Data:

(* Let $f$ be as in the context. The $\mathrm{SL}(2,\mathbb{R})$-action $P\cdot(J,A)=(PJP^{-1},PA(P^{-1}\cdot)P^{-1})$ on $D^3(\mathcal{J}(\mathbb{R}^2))\setminus\{\text{zero section}\}\cong\mathcal{B}_0(T^2)$ is Hamiltonian with respect to $\boldsymbol{\omega}$, with moment map $\mu:\mathcal{B}_0(T^2)\to\mathfrak{sl}(2,\mathbb{R})^*$ given by $$\mu_{(J,A)}(X)=\big(1-f(\|A\|_0^2)\big)\,\mathrm{tr}(JX),\qquad X\in\mathfrak{sl}(2,\mathbb{R}).$$ That is: $\mu_{P\cdot(J,A)}=\mu_{(J,A)}\circ\mathrm{Ad}(P^{-1})$ for all $P\in\mathrm{SL}(2,\mathbb{R})$, and for every $X\in\mathfrak{sl}(2,\mathbb{R})$ the function $\mu^X(J,A)=\mu_{(J,A)}(X)$ satisfies $d\mu^X=\boldsymbol{\omega}(V_X,\cdot)$, where $V_X(p)=\frac{d}{dt}\big|_{t=0}\exp(tX)\cdot p$.
   Context: $f:[0,+\infty)\to(-\infty,0]$ is smooth with $f'(t)<0$ for all $t\ge0$ and $\lim_{t\to+\infty}f(t)=-\infty$. $\mathfrak{sl}(2,\mathbb{R})$ is the space of traceless $2\times2$ real matrices. Let $\rho=dx_0\wedge dy_0$ on $\mathbb{R}^2$. $\mathcal{J}(\mathbb{R}^2)=\{J\in \mathrm{End}(\mathbb{R}^2): J^2=-\mathbb{1},\ \rho(v,Jv)>0 \text{ for some } v\neq 0\}$; $g_J(\cdot,\cdot):=\rho(\cdot,J\cdot)$. $T_J\mathcal{J}(\mathbb{R}^2)=\{\dot J: J\dot J+\dot JJ=0\}$, with $\langle \dot J,\dot J'\rangle_J=\tfrac12\mathrm{tr}(\dot J\dot J')$. $D^3(\mathcal{J}(\mathbb{R}^2))=\{(J,C)\in\mathcal{J}(\mathbb{R}^2)\times S_3(\mathbb{R}^2): C(J\cdot,J\cdot,J\cdot)=-C(J\cdot,\cdot,\cdot)\}$, $S_3(\mathbb{R}^2)$ the totally symmetric trilinear forms. Pick form $A=g_J^{-1}C$, i.e. $g_J(A(X)Y,Z)=C(X,Y,Z)$; identify $(J,C)$ with $(J,A)$; $A(P^{-1}\cdot)$ denotes pull-back of the form part. With a $g_J$-orthonormal basis $e_1,e_2$, $Je_1=e_2$, dual basis $e_i^*$, write $A=A_1e_1^*+A_2e_2^*$; $\langle A,B\rangle_J=\mathrm{tr}(A_1B_1+A_2B_2)$, $\|A\|_0^2=\tfrac14\langle A,A\rangle_J$, $A_{\mathrm{tr}}=\tfrac12\mathrm{tr}(A_1)\mathbb{1}e_1^*+\tfrac12\mathrm{tr}(A_2)\mathbb{1}e_2^*$, $A_0=A-A_{\mathrm{tr}}$; $(AJ)(X)=A(X)J$. Tangent vectors: $(\dot J,\dot A)$ with $\dot A=g_J^{-1}\dot C$. $\mathbf{g}_{(J,A)}((\dot J,\dot A),(\dot J',\dot A'))=(1-f(\|A\|_0^2))\langle\dot J,\dot J'\rangle_J+\tfrac{f'(\|A\|_0^2)}{3}\langle\dot A_0,\dot A'_0\rangle_J-\tfrac{f'(\|A\|_0^2)}{6}\langle\dot A_{\mathrm{tr}},\dot A'_{\mathrm{tr}}\rangle_J$; $\mathbf{I}_{(J,A)}(\dot J,\dot A)=(-J\dot J,-\dot AJ-A\dot J)$; $\boldsymbol{\omega}(\cdot,\cdot)=\mathbf{g}(\cdot,\mathbf{I}\cdot)$. $\mathcal{B}_0(T^2)$, the deformation space of properly convex $\mathbb{RP}^2$-structures on the torus, is identified with the complement of the zero section of $D^3(\mathcal{J}(\mathbb{R}^2))$. *)

theory Defs
  imports "HOL-Analysis.Analysis"
begin

type_synonym mat2 = "real^2^2"
type_synonym ten3 = "real^2^2^2"  \<comment> \<open>coefficients C$i$j$k = C(b_i,b_j,b_k) in the standard basis\<close>

definition b :: "2 \<Rightarrow> real^2" where "b i = axis i 1"

definition rho :: "real^2 \<Rightarrow> real^2 \<Rightarrow> real" where
  "rho u v = u$1 * v$2 - u$2 * v$1"

definition gJ :: "mat2 \<Rightarrow> real^2 \<Rightarrow> real^2 \<Rightarrow> real" where
  "gJ J u v = rho u (J *v v)"
(* Let $L$ be a finite distributive lattice, let $m$ be the maximum size of an antichain in $\operatorname{Mi}(L)$, and put $Q_L(x)=\sum_{k=0}^m q_k(L)x^k$ and $D_L^-(x)=\sum_{k=0}^m d_k^-(L)x^k$. Then $$Q_L(-1)=q_0(L)-q_1(L)+q_2(L)-q_3(L)+\cdots=D_L^-(0)=1,$$ and $$\left.\frac{\mathrm{d}Q_L(x)}{\mathrm{d}x}\right|_{x=-1}=\left.\frac{\mathrm{d}D_L^-(x)}{\mathrm{d}x}\right|_{x=0}=d_1^-(L)=|\operatorname{Mi}(L)|.$$
   Context: $\operatorname{Mi}(L)$ is the set of meet-irreducible elements of $L$, as a poset under the order of $L$. For a finite lattice $M$ and $k\ge0$, $q_k(M)$ is the number of convex sublattices (intervals) of $M$ isomorphic to the Boolean lattice $\mathbf{B}_k$ with $2^k$ elements. For $a\in M$, $\deg^-_M(a)$ is the number of elements of $M$ covering $a$, and $d_k^-(M)$ is the number of $a\in M$ with $\deg^-_M(a)=k$. *)

theory Defs
  imports "HOL-Computational_Algebra.Polynomial"
begin

definition meet_irreducible :: "'a::lattice \<Rightarrow> bool" where
  "meet_irreducible a \<longleftrightarrow> (\<exists>b. \<not> b \<le> a) \<and> (\<forall>x y. a = inf x y \<longrightarrow> a = x \<or> a = y)"

definition Mi :: "'a::lattice set" where
  "Mi = {a. meet_irreducible a}"

definition antichain_in :: "'a::order set \<Rightarrow> bool" where
  "antichain_in A \<longleftrightarrow> (\<forall>x\<in>A. \<forall>y\<in>A. x \<le> y \<longrightarrow> x = y)"

definition max_antichain_Mi :: "'a::{finite,lattice} itself \<Rightarrow> nat" where
  "max_antichain_Mi _ = Max {card A | A :: 'a set. A \<subseteq> Mi \<and> antichain_in A}"

definition iso_boolean :: "'a::order set \<Rightarrow> nat \<Rightarrow> bool" where
  "iso_boolean S k \<longleftrightarrow> (\<exists>f. bij_betw f S (Pow {..<k}) \<and>
      (\<forall>x\<in>S. \<forall>y\<in>S. x \<le> y \<longleftrightarrow> f x \<subseteq> f y))"
(* Let $M$ be a manifold of dimension $n\ge3$ with pseudo-Riemannian metric $g$, and let $(\nabla,g,\nabla^* )$ be a conjugate triple of torsion free connections such that $\nabla^*$ is Ricci symmetric, projectively flat and equiaffine Einstein. Then $\tau$ is constant.
   Context: Conjugate triple: $u\,g(v,w)=g(\nabla_uv,w)+g(v,\nabla^*_uw)$. For a connection $\nabla^*$ with curvature operator $\mathcal{R}^*(u,v)=\nabla^*_u\nabla^*_v-\nabla^*_v\nabla^*_u-\nabla^*_{[u,v]}$, $Ric^*(x,y)=\mathrm{Tr}(z\mapsto\mathcal{R}^*(z,x)y)$; Ricci symmetric means $Ric^*$ symmetric; equiaffine Einstein means $Ric^*=\lambda g$ for some smooth function $\lambda$. Projectively flat: locally projectively equivalent to a flat torsion free connection. $\tau$ denotes the generalized scalar curvature, the $g$-trace of $Ric^*$ (equal to the $g$-trace of the Ricci tensor of $\nabla$). The considerations are local ("constant" means locally constant). *)

theory Defs
  imports "HOL-Analysis.Analysis"
begin

text \<open>Local (coordinate) setting: an open set U of R^n plays the role of a chart domain
of M.  Coordinate vector fields are the axis directions.\<close>

definition pd :: "'n::finite \<Rightarrow> (real^'n \<Rightarrow> real) \<Rightarrow> real^'n \<Rightarrow> real" where
  "pd i f x = frechet_derivative f (at x) (axis i 1)"

fun Ck :: "nat \<Rightarrow> (real^'n::finite) set \<Rightarrow> (real^'n \<Rightarrow> real) \<Rightarrow> bool" where
  "Ck 0 U f = continuous_on U f"
| "Ck (Suc k) U f = (f differentiable_on U \<and> (\<forall>i. Ck k U (pd i f)))"

definition smooth_fun_on :: "(real^'n::finite) set \<Rightarrow> (real^'n \<Rightarrow> real) \<Rightarrow> bool" where
  "smooth_fun_on U f = (\<forall>k. Ck k U f)"

text \<open>A connection is given by Christoffel symbols: G x i j k is the k-th component of
 nabla_{d_i} d_j at x.\<close>
type_synonym 'n conn = "real^'n \<Rightarrow> 'n \<Rightarrow> 'n \<Rightarrow> 'n \<Rightarrow> real"
type_synonym 'n metric = "real^'n \<Rightarrow> 'n \<Rightarrow> 'n \<Rightarrow> real"

definition smooth_conn :: "(real^'n::finite) set \<Rightarrow> 'n conn \<Rightarrow> bool" where
  "smooth_conn U G = (\<forall>i j k. smooth_fun_on U (\<lambda>x. G x i j k))"

definition torsion_free :: "(real^'n::finite) set \<Rightarrow> 'n conn \<Rightarrow> bool" where
  "torsion_free U G = (\<forall>x\<in>U. \<forall>i j k. G x i j k = G x j i k)"

text \<open>curv G x a b c l = l-th component of R(d_a,d_b)d_c, where
  R(u,v) = nabla_u nabla_v - nabla_v nabla_u - nabla_[u,v] (and [d_a,d_b]=0).\<close>
definition curv :: "'n::finite conn \<Rightarrow> real^'n \<Rightarrow> 'n \<Rightarrow> 'n \<Rightarrow> 'n \<Rightarrow> 'n \<Rightarrow> real" where
  "curv G x a b c l =
     pd a (\<lambda>y. G y b c l) x - pd b (\<lambda>y. G y a c l) x
     + (\<Sum>m\<in>UNIV. G x b c m * G x a m l) - (\<Sum>m\<in>UNIV. G x a c m * G x b m l)"

definition ric :: "'n::finite conn \<Rightarrow> real^'n \<Rightarrow> 'n \<Rightarrow> 'n \<Rightarrow> real" where
  "ric G x j k = (\<Sum>i\<in>UNIV. curv G x i j k i)"

definition flat :: "(real^'n::finite) set \<Rightarrow> 'n conn \<Rightarrow> bool" where
  "flat U G = (\<forall>x\<in>U. \<forall>a b c l. curv G x a b c l = 0)"

definition ricci_symmetric :: "(real^'n::finite) set \<Rightarrow> 'n conn \<Rightarrow> bool" where
  "ricci_symmetric U G = (\<forall>x\<in>U. \<forall>j k. ric G x j k = ric G x k j)"

definition gmat :: "'n::finite metric \<Rightarrow> real^'n \<Rightarrow> real^'n^'n" where
  "gmat g x = (\<chi> i j. g x i j)"

definition pseudo_riemannian :: "(real^'n::finite) set \<Rightarrow> 'n metric \<Rightarrow> bool" where
  "pseudo_riemannian U g =
     ((\<forall>i j. smooth_fun_on U (\<lambda>x. g x i j)) \<and>
      (\<forall>x\<in>U. \<forall>i j. g x i j = g x j i) \<and>
      (\<forall>x\<in>U. det (gmat g x) \<noteq> 0))"

text \<open>Conjugate triple: u g(v,w) = g(nabla_u v, w) + g(v, nabla*_u w), on coordinate fields.\<close>
definition conjugate_triple :: "(real^'n::finite) set \<Rightarrow> 'n conn \<Rightarrow> 'n metric \<Rightarrow> 'n conn \<Rightarrow> bool" where
  "conjugate_triple U G g Gs =
     (\<forall>x\<in>U. \<forall>k i j. pd k (\<lambda>y. g y i j) x =
        (\<Sum>l\<in>UNIV. G x k i l * g x l j) + (\<Sum>l\<in>UNIV. Gs x k j l * g x i l))"

text \<open>Projective equivalence of torsion free connections:
  nabla'_X Y = nabla_X Y + rho(X) Y + rho(Y) X.\<close>
definition projectively_flat :: "(real^'n::finite) set \<Rightarrow> 'n conn \<Rightarrow> bool" where
  "projectively_flat U G =
     (\<forall>p\<in>U. \<exists>V D rho. open V \<and> p \<in> V \<and> V \<subseteq> U \<and>
        smooth_conn V D \<and> torsion_free V D \<and> flat V D \<and>
        (\<forall>i. smooth_fun_on V (\<lambda>x. rho x i)) \<and>
        (\<forall>x\<in>V. \<forall>i j k. G x i j k = D x i j k
            + (if k = j then rho x i else 0) + (if k = i then rho x j else 0)))"

definition equiaffine_einstein :: "(real^'n::finite) set \<Rightarrow> 'n conn \<Rightarrow> 'n metric \<Rightarrow> bool" where
  "equiaffine_einstein U G g =
     (\<exists>lam. smooth_fun_on U lam \<and> (\<forall>x\<in>U. \<forall>i j. ric G x i j = lam x * g x i j))"

definition gen_scalar_curv :: "'n::finite metric \<Rightarrow> 'n conn \<Rightarrow> real^'n \<Rightarrow> real" where
  "gen_scalar_curv g Gs x = (\<Sum>i\<in>UNIV. \<Sum>j\<in>UNIV. matrix_inv (gmat g x) $ i $ j * ric Gs x i j)"

definition locally_constant_on :: "(real^'n::finite) set \<Rightarrow> (real^'n \<Rightarrow> real) \<Rightarrow> bool" where
  "locally_constant_on U f = (\<forall>p\<in>U. \<exists>V. open V \<and> p \<in> V \<and> (\<forall>x\<in>V \<inter> U. f x = f p))"

end

theory Submission
  imports Defs
begin

text \<open>Near every point \<open>\<nabla>\<^sup>* = D + \<rho> \<otimes> id + id \<otimes> \<rho>\<close> with \<open>D\<close> flat and torsion free.
  The curvature of \<open>\<nabla>\<^sup>*\<close> is then expressed through \<open>P = \<nabla>\<^sup>D\<rho> - \<rho> \<otimes> \<rho>\<close>;
  Ricci symmetry forces \<open>d\<rho> = 0\<close>, whence \<open>Ric\<^sup>* = -(n - 1) P\<close> and the Einstein
  condition gives \<open>P = \<mu> g\<close> with \<open>\<mu> = -\<lambda>/(n - 1)\<close>.  Flatness of \<open>D\<close> makes \<open>P\<close>
  a Codazzi tensor for \<open>\<nabla>\<^sup>*\<close>, and conjugacy with the torsion free \<open>\<nabla>\<close> makes
  \<open>(\<nabla>\<^sup>*\<^sub>X g)(Y, Z)\<close> symmetric in \<open>X, Y\<close>.  Hence \<open>d\<mu>(X) g(Y, Z)\<close> is symmetric
  in \<open>X, Y\<close>, which for a nondegenerate \<open>g\<close> and \<open>n \<ge> 2\<close> forces \<open>d\<mu> = 0\<close>.
  So \<open>\<lambda>\<close> and \<open>\<tau> = n \<lambda>\<close> are locally constant.\<close>

lemma pd_eq_derivative: "(f has_derivative f') (at x) \<Longrightarrow> pd i f x = f' (axis i 1)"
  unfolding pd_def using frechet_derivative_at by metis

Task item:
Tell how many lines in the entries contain the string "makes", and give nothing beyond the number.

Exercise solution:
2